Сплетни среди криницких кумушек распространялись быстрее молнии, и Роксане было известно три способа приникнуть к мутноватому их источнику.
Позволить служанке болтать в своё удовольствие, пока та застилает постель и взбивает подушки. Способ был верный, но всего подряд в хозяйских покоях рассказывать не станешь.
Второй способ был получше — выйти после обеда на балкон и предаваться вроде бы безделью или вышивке, а на самом деле — подслушивать площадные разговоры.
Слух у Роксаны был как у лисицы; зато и мать строго-настрого запрещала сидеть на солнце, чтобы руки не покрылись веснушками.
Третий был лучше всех.
Утром, едва забрезжит молочный свет, Роксана накрывала голову затёртым нянькиным платком и выбегала с чёрного хода. Путь её лежал к колодцу. Уж там-то можно было услышать про всё на свете. Толпа бабья гремела пустыми вёдрами, похвалялась бусами, жаловалась на побои и — распускала сплетни. Из этого колодца, думалось Роксане, выходит всё, что случается в Крынице. Здесь зарождается и сюда же возвращается. Булькает как камень в глухую пустоту.
Сама она держалась на отшибе, гремела пустым ведром и помалкивала, всё больше слушала. Бормотала про себя детский стишок, чтобы отвести глаза.
Стишок работал.
С пустым ведром, в сером краденом капоре она спешила домой, чтобы в полдень, зевая, потянуться, вся в зефирных кружевах, младшая, любимая дочка, одолеваемая одной единственной мыслью: цыгане в городе.

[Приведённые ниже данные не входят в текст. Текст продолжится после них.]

(* Let $n_1,n_2\ge2$ and let $x\neq y$ be real numbers such that the pair $(\sqrt x,\sqrt y)$ of (possibly complex) square roots is $(n_1,n_2)$-independent. Let $K=K(n_1,n_2,x,y)$. Then: (i) $K$ has exactly $n_1n_2$ eigenvalues, all simple, namely $\lambda_{uv}=(n_1-1-2u)\sqrt x+(n_2-1-2v)\sqrt y$, $u\in\{0,\dots,n_1-1\}$, $v\in\{0,\dots,n_2-1\}$; (ii) the rank of $K$ is $n_1n_2$ if $n_1n_2$ is even and $n_1n_2-1$ if $n_1n_2$ is odd; in particular $K$ is nonsingular iff $n_1n_2$ is even; (iii) writing $e_1=(1,0,\dots,0)^\top\in\mathbb{C}^{n_1n_2}$ as a linear combination of a basis of (column) eigenvectors of $K$ (i.e. $Kw=\lambda w$), all coefficients are nonzero.
   Context: Modified Kac matrix: for $m\ge1$ and $y\in\mathbb{R}$, $\mathcal K(m,y)=(k_{ij})_{1\le i,j\le m}$ with $k_{i,i-1}=(m-i+1)y$, $k_{i,i+1}=i$, and all other entries $0$. Modified Kac matrix of second type: $K(n_1,n_2,x,y)$ is the $n_1n_2\times n_1n_2$ matrix formed by $n_2\times n_2$ blocks $K_{ij}$, $1\le i,j\le n_1$, with $K_{ii}=\mathcal K(n_2,y)$, $K_{i,i-1}=(n_1-i+1)x\,\mathcal I_{n_2}$, $K_{i,i+1}=i\,\mathcal I_{n_2}$, and all other blocks zero; equivalently $K=\mathcal I_{n_1}\otimes\mathcal K(n_2,y)+\mathcal K(n_1,x)\otimes\mathcal I_{n_2}$. With $\mathcal N_i=\{n_i-1-2r: r=0,\dots,n_i-1\}$, a pair $(z_1,z_2)\in\mathbb{C}^2$ is $(n_1,n_2)$-independent if for all $a_i,b_i\in\mathcal N_i$, $(a_1-b_1)z_1+(a_2-b_2)z_2=0$ implies $a_1=b_1$ and $a_2=b_2$. *)

theory Defs
  imports Complex_Main "Jordan_Normal_Form.Jordan_Normal_Form" "Jordan_Normal_Form.DL_Rank"
begin

definition kac_mat :: "nat \<Rightarrow> complex \<Rightarrow> complex mat" where
  "kac_mat m y = mat m m (\<lambda>(i, j).
     if j + 1 = i then of_nat (m - i) * y
     else if j = i + 1 then of_nat (i + 1)
     else 0)"

text \<open>Modified Kac matrix of the second type: I_{n1} (x) Kac(n2,y) + Kac(n1,x) (x) I_{n2},
  with index p = i*n2 + k (block i, position k inside the block).\<close>
definition kac2_mat :: "nat \<Rightarrow> nat \<Rightarrow> complex \<Rightarrow> complex \<Rightarrow> complex mat" where
  "kac2_mat n1 n2 x y = mat (n1 * n2) (n1 * n2) (\<lambda>(p, q).
     (if p div n2 = q div n2 then kac_mat n2 y $$ (p mod n2, q mod n2) else 0)
   + (if p mod n2 = q mod n2 then kac_mat n1 x $$ (p div n2, q div n2) else 0))"

definition Nset :: "nat \<Rightarrow> int set" where
  "Nset n = {int n - 1 - 2 * int r | r. r < n}"

definition independent_pair :: "nat \<Rightarrow> nat \<Rightarrow> complex \<Rightarrow> complex \<Rightarrow> bool" where
  "independent_pair n1 n2 z1 z2 \<longleftrightarrow>
    (\<forall>a1\<in>Nset n1. \<forall>b1\<in>Nset n1. \<forall>a2\<in>Nset n2. \<forall>b2\<in>Nset n2.
       of_int (a1 - b1) * z1 + of_int (a2 - b2) * z2 = 0 \<longrightarrow> a1 = b1 \<and> a2 = b2)"

end

theory Submission
  imports Defs
begin

text \<open>
  For the Kac matrix of size m, the coefficient vector of
  (1 + s t)^(m-1-u) (1 - s t)^u with s^2 = y is an eigenvector for (m-1-2u) s, and dividing it by the
  weights C(m-1, i) y^i, which symmetrize the matrix, gives the matching left eigenvector; both start
  with the entry 1. The second type matrix is the Kronecker sum of two Kac matrices, so Kronecker
  products of these vectors are right and left eigenvectors for the eigenvalues lam u v.
  Independence makes these n1 n2 eigenvalues pairwise distinct, and lam u v = 0 only for the middle
  indices of odd n1 and n2. Everything then follows from linear algebra for an n by n matrix with n
  distinct eigenvalues whose right and left eigenvectors all have a nonzero first entry: the
  eigenvalues are simple, the rank drops by one exactly when 0 is an eigenvalue (a rank one update
  by e_0 e_0^T becomes nonsingular), and pairing e_0 with the left eigenvectors shows that every
  eigenvector occurs in the expansion of e_0.
\<close>

section \<open>Matrix-vector calculus\<close>

lemma mult_mat_vec_index:
  assumes "A \<in> carrier_mat n m" "v \<in> carrier_vec m" "i < n"
  shows "(A *\<^sub>v v) $ i = (\<Sum>j<m. A $$ (i, j) * v $ j)"
  using assms by (auto simp: scalar_prod_def atLeast0LessThan intro: sum.cong)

Ярмарка начиналась с утра, но с утра больше торговали, а всё веселье начиналось к вечеру. Матушка — большая удача — уехала в монастырь до той недели, а батюшка, верно, зная за собой вину, отпустил Роксану со старухой.
Старуха зыркала из-за плеча: ей не терпелось добраться до бусных и перинных рядов, а следить за ушлой хозяйской дочкой не хотелось.
Роксана как назло тянула, показывала розовым пальчиком то на медовые орехи, то на калёные крашеные яички, и в конце концов старуха огляделась да и вручила ей тяжёлый гобеленовый кошель: мол, бери что хочешь. И ушла.
Роксана хотела к цыганам.


Пёстрая палатка с жёлтыми звёздами и синими кисточками нашлась сразу же, а вот цыганских детишек вокруг неё не крутилось, да и кибитка рядом стояла всего одна, чистая и белая. В кибитку был запряжён лопоухий осёл с белым брюшком.
Не пахло ни пряностями, ни жареной капустой, ни лошадиным потом, а пахло соломой, смолой, чабером и ещё чем-то, опасным пахло и незнакомым.
Роксана вошла в палатку без спросу. В носу засвербило полынной горечью. Мягкая кисточка мазнула по лицу, и захотелось утереться рукавом.
В тёплой полутьме палатки сидел цыган и курил короткую рыжую трубку, сплёвывая рыжую слюну в рыжую медную миску. Миска глухо звенела: бамм.
Из трубки пахло не табаком, а горной полынью, которой зимние ковры на лето перекладывают.
Цыган был странный: сам тоже рыжий, загорелый, но совсем не чёрный, зато со злыми жёлтыми глазами, и ещё зубы у него были хорошие, только мелкие очень. Но улыбался недобро: так, что виднелись розовые дёсны.
— Бамм, — звякнула плевательница.
— Чего надо? — весело сказал цыган, — небось, травки на отворот, приворот? Женские недомогания? Чтобы веснушки свести?
Роксана вдруг осмелела и достала гобеленовый кошель.
— Жениха бы мне свести.
— Отворот, приворот на кого другого? — спросил цыган и протянул руку к кошелю.
— Совсем свести, — прошептала Роксана и ухватила кошель покрепче.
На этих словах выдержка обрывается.